Non-Standard Escape Routes

I've been busy working on the logic book, playing with music software, meeting friends, lazing around, looking after Magdalena (who was ill again), protesting against the war, and thinking that it was a good idea to have voted for Livingstone (as I did when I lived in London). I hope to get back to philosophy soon.

Catching up with the philosophy papers blog, I noticed that Hartry Field has written yet another paper about how to avoid paradoxes by using non-standard logic. I fear that I may eventually have to reconsider my standard reaction to efforts like this, which is to say that using non-standard logic amounts to a change of topic.

For example, the naive comprehension principle says that for each predicate there is a property that is had by some thing x iff x satisfies the predicate. Field proposes to block Russell's paradox by using some non-standard logic in which "R instantiates R iff R does not instantiate R" does not imply the contradiction "R instantiates R and R does not instantiate R". But I can't help finding "R instantiates R iff R does not instantiate R" itself inconsistent. I can see that on Field's interpretation of "iff" it doesn't actually imply everything. But why isn't this reinterpretation of "iff" simply a rejection of the original comprehension principle, which he wants to defend? What Field defends is a rather different principle that superficially looks like the naive comprehension principle.

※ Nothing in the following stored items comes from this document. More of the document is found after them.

lemma dist_graph_if_dense:
  assumes "graph V E" and "connected_graph V E" and "A \<subseteq> V" and "A \<noteq> {}"
    and "\<forall>v\<in>V. \<exists>u\<in>A. gdist V E u v \<le> \<rho>" and "2 * \<rho> + 1 \<le> r"
  shows "connected_graph A (dist_graph V E A r)"
    and "\<And>x y. x \<in> A \<Longrightarrow> y \<in> A \<Longrightarrow> gdist A (dist_graph V E A r) x y \<le> gdist V E x y"
    and "\<And>x y. x \<in> A \<Longrightarrow> y \<in> A \<Longrightarrow> gdist V E x y \<le> r * gdist A (dist_graph V E A r) x y"
proof -
  note relpow = dist_graph_relpow_if_dense[OF assms(1-3,5,6)]
  have "(x, y) \<in> (edge_rel A (dist_graph V E A r))\<^sup>*" if "x \<in> A" "y \<in> A" for x y
    using relpow[OF that] unfolding rtrancl_power by auto
  then show conn: "connected_graph A (dist_graph V E A r)"
    using assms(4) by (simp add: connected_graph_def)
  show "gdist A (dist_graph V E A r) x y \<le> gdist V E x y" if xy: "x \<in> A" "y \<in> A" for x y
  proof -
    obtain m where "m \<le> gdist V E x y" and "(x, y) \<in> edge_rel A (dist_graph V E A r) ^^ m"
      using relpow[OF xy] by auto
    then show ?thesis
      using gdist_le[where V=A and E="dist_graph V E A r" and m=m and x=x and y=y] by linarith
  qed
  show "gdist V E x y \<le> r * gdist A (dist_graph V E A r) x y" if "x \<in> A" "y \<in> A" for x y
    using gdist_le_mult_if_dist_graph_relpow[OF assms(2,3) that(1) gdist_relpow[OF conn that]] .
qed

lemma gdiam_le_if_gdist_le:
  assumes "A \<subseteq> V" and "\<And>x y. x \<in> A \<Longrightarrow> y \<in> A \<Longrightarrow> gdist A F x y \<le> gdist V E x y"
  shows "gdiam A F \<le> gdiam V E"
  unfolding gdiam_def
proof (intro SUP_least)
  fix x y assume "x \<in> A" and "y \<in> A"
  then have "x \<in> V" and "y \<in> V" and "enat (gdist A F x y) \<le> enat (gdist V E x y)"
    using assms by auto
  then show "enat (gdist A F x y) \<le> (SUP x\<in>V. SUP y\<in>V. enat (gdist V E x y))"
    by (intro SUP_upper2)
qed

lemma rough_isometry_inclusion:
  fixes \<alpha> \<beta> :: real
  assumes "A \<subseteq> V" and "1 \<le> \<alpha>" and "0 \<le> \<beta>"
    and "\<And>x y. x \<in> A \<Longrightarrow> y \<in> A \<Longrightarrow> gdist A F x y \<le> gdist V E x y"
    and "\<And>x y. x \<in> A \<Longrightarrow> y \<in> A \<Longrightarrow> gdist V E x y \<le> \<alpha> * gdist A F x y"
    and "\<forall>v\<in>V. \<exists>u\<in>A. gdist V E u v \<le> \<beta>"
  shows "rough_isometry A F V E id \<alpha> \<beta>"
proof -
  have "inverse \<alpha> * gdist A F x y - \<beta> \<le> gdist V E x y" if "x \<in> A" "y \<in> A" for x y
  proof -
    have "inverse \<alpha> * gdist A F x y \<le> gdist A F x y"
      using assms(2) by (intro mult_left_le_one_le) (auto simp: inverse_le_1_iff)
    then show ?thesis
      using assms(3) assms(4)[OF that] by linarith
  qed
  moreover have "gdist V E x y \<le> \<alpha> * gdist A F x y + \<beta>" if "x \<in> A" "y \<in> A" for x y
    using assms(3) assms(5)[OF that] by linarith
  ultimately show ?thesis
    unfolding rough_isometry_def using assms(1,6) by simp
qed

Similarly, a while ago Heinrich Wansing was in Berlin and presented a "solution" to the knowability paradox by showing that "(p to possibly Kp) to (p to Kp)" does not follow from innocent assumptions about knowledge in a certain paraconsistent relevance logic, in which "to" does not have its ordinary truth-functional meaning. But did anybody doubt that the string of symbols expressing the knowability paradox could be given a consistent interpretation? I would have thought the paradox was what that string expressed under its standard interpretation, not the string itself.

This reaction is probably everybody's first reaction. Hence the more I see clever people ignoring it, the more I fear something must be wrong with it.